Aim of the exercise>
Emit all the data exactly as provided.
━━ Records for this task
theorem lemmaB4:
  fixes d1 :: "'s::finite pmf"
    and mu :: "nat \<Rightarrow> 's \<Rightarrow> 'a::finite pmf"
    and P :: "nat \<Rightarrow> 's \<Rightarrow> 'a \<Rightarrow> 's pmf"
    and H t l :: nat and u \<delta> :: real
    and V Vin :: "'s \<Rightarrow> real"
  assumes "t \<in> {1..H}" and "u > 0" and "0 < \<delta>" and "\<delta> < 1" and "l > 0"
    and "\<forall>s. \<bar>V s - Vin s\<bar> \<le> 2 * u"
  defines "d \<equiv> occ d1 mu P H t"
    and "L \<equiv> ln (2 * real H * real CARD('s) * real CARD('a) / \<delta>)"
  defines "f \<equiv> (\<lambda>s a. 4 * u * sqrt (L / (real l * d s a)))"
  defines "g \<equiv> (\<lambda>D s a.
           if real (visit_count D t s a) < 1/2 * real l * d s a
           then Pexp P t s a (\<lambda>x. V x - Vin x) - f s a
           else 1 / real (visit_count D t s a) *
                  (\<Sum>j<l. (V (state_at (D ! j) (t + 1)) - Vin (state_at (D ! j) (t + 1))) *
                     (if state_at (D ! j) t = s \<and> action_at (D ! j) t = a then 1 else 0))
                - f s a)"
  shows "measure_pmf.prob (replicate_pmf l (episode d1 mu P H))
           {D. \<forall>s a. d s a > 0 \<longrightarrow>
                 0 \<le> Pexp P t s a (\<lambda>x. V x - Vin x) - g D s a \<and>
                 Pexp P t s a (\<lambda>x. V x - Vin x) - g D s a \<le> 8 * u * sqrt (L / (real l * d s a))}
         \<ge> 1 - \<delta> / real H"
proof -
  let ?W = "\<lambda>x. V x - Vin x"
  let ?M = "replicate_pmf l (episode d1 mu P H)"
  let ?Good = "{D. \<forall>s a. d s a > 0 \<longrightarrow> 0 \<le> Pexp P t s a ?W - g D s a \<and>
                      Pexp P t s a ?W - g D s a \<le> 8 * u * sqrt (L / (real l * d s a))}"
  define Bad where "Bad = (\<lambda>(s, a). {D. d s a > 0 \<and> real l * d s a / 2 \<le> real (visit_count D t s a) \<and>
                             f s a \<le> \<bar>visit_mean l D t s a ?W - Pexp P t s a ?W\<bar>})"
  have "1 \<le> real H * CARD('s \<times> 'a)"
    using assms(1) by (simp add: Suc_le_eq flip: of_nat_mult)
  then have "0 \<le> L" and exp_L: "2 * exp (- L) = \<delta> / (real H * CARD('s \<times> 'a))"
    using assms(3,4) by (auto simp: L_def exp_minus field_simps)
  have "measure_pmf.prob ?M (Bad (s, a)) \<le> \<delta> / (real H * CARD('s \<times> 'a))" for s a
  proof (cases "d s a > 0")
    case True
    then show ?thesis
      using prob_visit_mean_deviation_sqrt[of t H ?W u "real l * d s a" L l d1 mu P s a]
        assms \<open>0 \<le> L\<close> exp_L by (simp add: Bad_def f_def)
  qed (use assms(3) in \<open>simp add: Bad_def\<close>)
  moreover have "- (\<Union>p\<in>UNIV. Bad p) \<subseteq> ?Good"
  proof safe
    fix D s a assume "D \<notin> (\<Union>p\<in>UNIV. Bad p)" and "d s a > 0"
    then have "D \<notin> Bad (s, a)" by blast
    moreover have "0 \<le> f s a" and "8 * u * sqrt (L / (real l * d s a)) = 2 * f s a"
      using assms(2,5) \<open>0 \<le> L\<close> \<open>d s a > 0\<close> by (simp_all add: f_def)
    ultimately show "0 \<le> Pexp P t s a ?W - g D s a"
      and "Pexp P t s a ?W - g D s a \<le> 8 * u * sqrt (L / (real l * d s a))"
      using \<open>d s a > 0\<close> by (auto simp: g_def Bad_def visit_mean_def abs_less_iff not_le)
  qed
  ultimately have
    "1 - real CARD('s \<times> 'a) * (\<delta> / (real H * CARD('s \<times> 'a))) \<le> measure_pmf.prob ?M ?Good"
    by (intro measure_pmf_prob_ge_union_bound) auto
  then show ?thesis using assms(1) by simp
qed

end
━━━━
Exercise output>
theorem lemmaB4:
  fixes d1 :: "'s::finite pmf"
    and mu :: "nat \<Rightarrow> 's \<Rightarrow> 'a::finite pmf"
    and P :: "nat \<Rightarrow> 's \<Rightarrow> 'a \<Rightarrow> 's pmf"
    and H t l :: nat and u \<delta> :: real
    and V Vin :: "'s \<Rightarrow> real"
  assumes "t \<in> {1..H}" and "u > 0" and "0 < \<delta>" and "\<delta> < 1" and "l > 0"
    and "\<forall>s. \<bar>V s - Vin s\<bar> \<le> 2 * u"
  defines "d \<equiv> occ d1 mu P H t"
    and "L \<equiv> ln (2 * real H * real CARD('s) * real CARD('a) / \<delta>)"
  defines "f \<equiv> (\<lambda>s a. 4 * u * sqrt (L / (real l * d s a)))"
  defines "g \<equiv> (\<lambda>D s a.
           if real (visit_count D t s a) < 1/2 * real l * d s a
           then Pexp P t s a (\<lambda>x. V x - Vin x) - f s a
           else 1 / real (visit_count D t s a) *
                  (\<Sum>j<l. (V (state_at (D ! j) (t + 1)) - Vin (state_at (D ! j) (t + 1))) *
                     (if state_at (D ! j) t = s \<and> action_at (D ! j) t = a then 1 else 0))
                - f s a)"
  shows "measure_pmf.prob (replicate_pmf l (episode d1 mu P H))
           {D. \<forall>s a. d s a > 0 \<longrightarrow>
                 0 \<le> Pexp P t s a (\<lambda>x. V x - Vin x) - g D s a \<and>
                 Pexp P t s a (\<lambda>x. V x - Vin x) - g D s a \<le> 8 * u * sqrt (L / (real l * d s a))}
         \<ge> 1 - \<delta> / real H"
proof -
  let ?W = "\<lambda>x. V x - Vin x"
  let ?M = "replicate_pmf l (episode d1 mu P H)"
  let ?Good = "{D. \<forall>s a. d s a > 0 \<longrightarrow> 0 \<le> Pexp P t s a ?W - g D s a \<and>
                      Pexp P t s a ?W - g D s a \<le> 8 * u * sqrt (L / (real l * d s a))}"
  define Bad where "Bad = (\<lambda>(s, a). {D. d s a > 0 \<and> real l * d s a / 2 \<le> real (visit_count D t s a) \<and>
                             f s a \<le> \<bar>visit_mean l D t s a ?W - Pexp P t s a ?W\<bar>})"
  have "1 \<le> real H * CARD('s \<times> 'a)"
    using assms(1) by (simp add: Suc_le_eq flip: of_nat_mult)
  then have "0 \<le> L" and exp_L: "2 * exp (- L) = \<delta> / (real H * CARD('s \<times> 'a))"
    using assms(3,4) by (auto simp: L_def exp_minus field_simps)
  have "measure_pmf.prob ?M (Bad (s, a)) \<le> \<delta> / (real H * CARD('s \<times> 'a))" for s a
  proof (cases "d s a > 0")
    case True
    then show ?thesis
      using prob_visit_mean_deviation_sqrt[of t H ?W u "real l * d s a" L l d1 mu P s a]
        assms \<open>0 \<le> L\<close> exp_L by (simp add: Bad_def f_def)
  qed (use assms(3) in \<open>simp add: Bad_def\<close>)
  moreover have "- (\<Union>p\<in>UNIV. Bad p) \<subseteq> ?Good"
  proof safe
    fix D s a assume "D \<notin> (\<Union>p\<in>UNIV. Bad p)" and "d s a > 0"
    then have "D \<notin> Bad (s, a)" by blast
    moreover have "0 \<le> f s a" and "8 * u * sqrt (L / (real l * d s a)) = 2 * f s a"
      using assms(2,5) \<open>0 \<le> L\<close> \<open>d s a > 0\<close> by (simp_all add: f_def)
    ultimately show "0 \<le> Pexp P t s a ?W - g D s a"
      and "Pexp P t s a ?W - g D s a \<le> 8 * u * sqrt (L / (real l * d s a))"
      using \<open>d s a > 0\<close> by (auto simp: g_def Bad_def visit_mean_def abs_less_iff not_le)
  qed
  ultimately have
    "1 - real CARD('s \<times> 'a) * (\<delta> / (real H * CARD('s \<times> 'a))) \<le> measure_pmf.prob ?M ?Good"
    by (intro measure_pmf_prob_ge_union_bound) auto
  then show ?thesis using assms(1) by simp
qed

end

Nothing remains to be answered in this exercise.